Born New York, 1991, lives and works in New York
Hannah Levy’s surrealistic sculptures revisualise the formal language of classic, modernist design office and home furnishings into extraordinary and alluring anthropomorphic forms. Handrails, gym equipment, medical devices, and other mundane, mass-produced, functional items are mined for their forms and likenesses (commonalities), then mutated into unnameable singular things that embody human characteristics and emulate personality. Casts of natural produce and consumables are also subsumed into draped or stretched silicone skins that preserve an implied synthetic sustenance. The highly polished nickel-plated tubular frames of Levy’s sculptures are reminiscent of the flawless minimalism of Mies van der Rohe’s “skin and bone” architecture, while the flesh-like silicone and latex appendages of her sculptures are more analogous to fetishistic objects. It is through this striking discordance that Levy’s works emerge, equally super-normal and sensuously repulsive.

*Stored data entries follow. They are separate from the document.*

lemma prw_diff:
  assumes "diff_fun m f" "diff_fun m g"
  shows "prw m Q (\<lambda>q. f q - g q) p = prw m Q f p - prw m Q g p"
proof -
  obtain N where f: "depends_only m N f" and g: "depends_only m N g"
    using diff_fun_common_order[OF assms] .
  show ?thesis
    unfolding prw_eq_vfield[OF depends_only_comp2[OF f g]] prw_eq_vfield[OF f] prw_eq_vfield[OF g]
    by (rule vfield_diff) (use assms diff_fun_coord_differentiable in auto)
qed

lemma TD_matrix_inv:
  fixes \<Phi> :: "jet \<Rightarrow> 'k::finite cmat"
  assumes \<Phi>: "diff_fun m \<Phi>" and inv: "\<And>p. invertible (\<Phi> p)"
  shows "TD m \<alpha> (\<lambda>q. matrix_inv (\<Phi> q)) p = - (matrix_inv (\<Phi> p) ** TD m \<alpha> \<Phi> p ** matrix_inv (\<Phi> p))"
proof -
  obtain N where N: "depends_only m N \<Phi>" using \<Phi> by (auto simp: diff_fun_def)
  interpret mm: bounded_bilinear "(**) :: 'k cmat \<Rightarrow> 'k cmat \<Rightarrow> 'k cmat"
    by (rule bounded_bilinear_matrix_mult)
  let ?L = "\<lambda>X. - (matrix_inv (\<Phi> p) ** X ** matrix_inv (\<Phi> p))"
  interpret L: bounded_linear ?L
    by (intro bounded_linear_minus mm.bounded_linear_left[THEN bounded_linear_compose] mm.bounded_linear_right)
  show ?thesis
    unfolding TD_eq_vfield[OF depends_only_comp[OF N]] TD_eq_vfield[OF N] vfield_def
      pd_matrix_inv[OF diff_fun_coord_differentiable[OF \<Phi>] inv]
    by (simp only: L.sum L.scaleR)
qed

lemma shift_eq: "shift \<alpha> (n, a, b) = (if \<alpha> = Suc 0 then Th n (Suc a) b else Th n a (Suc b))"
  by (cases \<alpha> rule: xc.cases) auto

lemma TD_eq_TD_2: "\<alpha> \<noteq> Suc 0 \<Longrightarrow> TD m \<alpha> = TD m 2"
  by (intro ext) (simp add: TD_def shift_eq numeral_2_eq_2 split_beta, cases \<alpha> rule: xc.cases, auto)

Hannah Levy held her first solo exhibition, Panic Hardware, with mother’s tankstation in May 2018 and her second solo exhibition with the gallery is forthcoming in 2021. Selected exhibitions and activities include: Pendulous Picnic, Casey Kaplan, New York (solo, 2020); Bone-in, Jeffrey Stark (solo 2019); The Artist is Present, Yuz Museum, Shanghai (2018), The Artsy Vanguard, Bergdorf Goodman, New York, Being There, Louisiana Museum of Modern Art (2017); Past Skin, MoMA PS1, New York (2017); Things I Think I Want, Frankfurter Kunstverein, Frankfurt (2017); White Flag Projects Library, St. Louis (solo, 2016); Soft Costs_Money Over World, Kunstverein Wiesen, Wiesen (2016); Parked Like Serious Oysters, Museum für Moderne Kunst, Frankfurt (2015) and Pretty Eyes, Electric Bills, Fordham University, New York (2015). Levy completed her MA at the Städelschule, Frankfurt in 2015.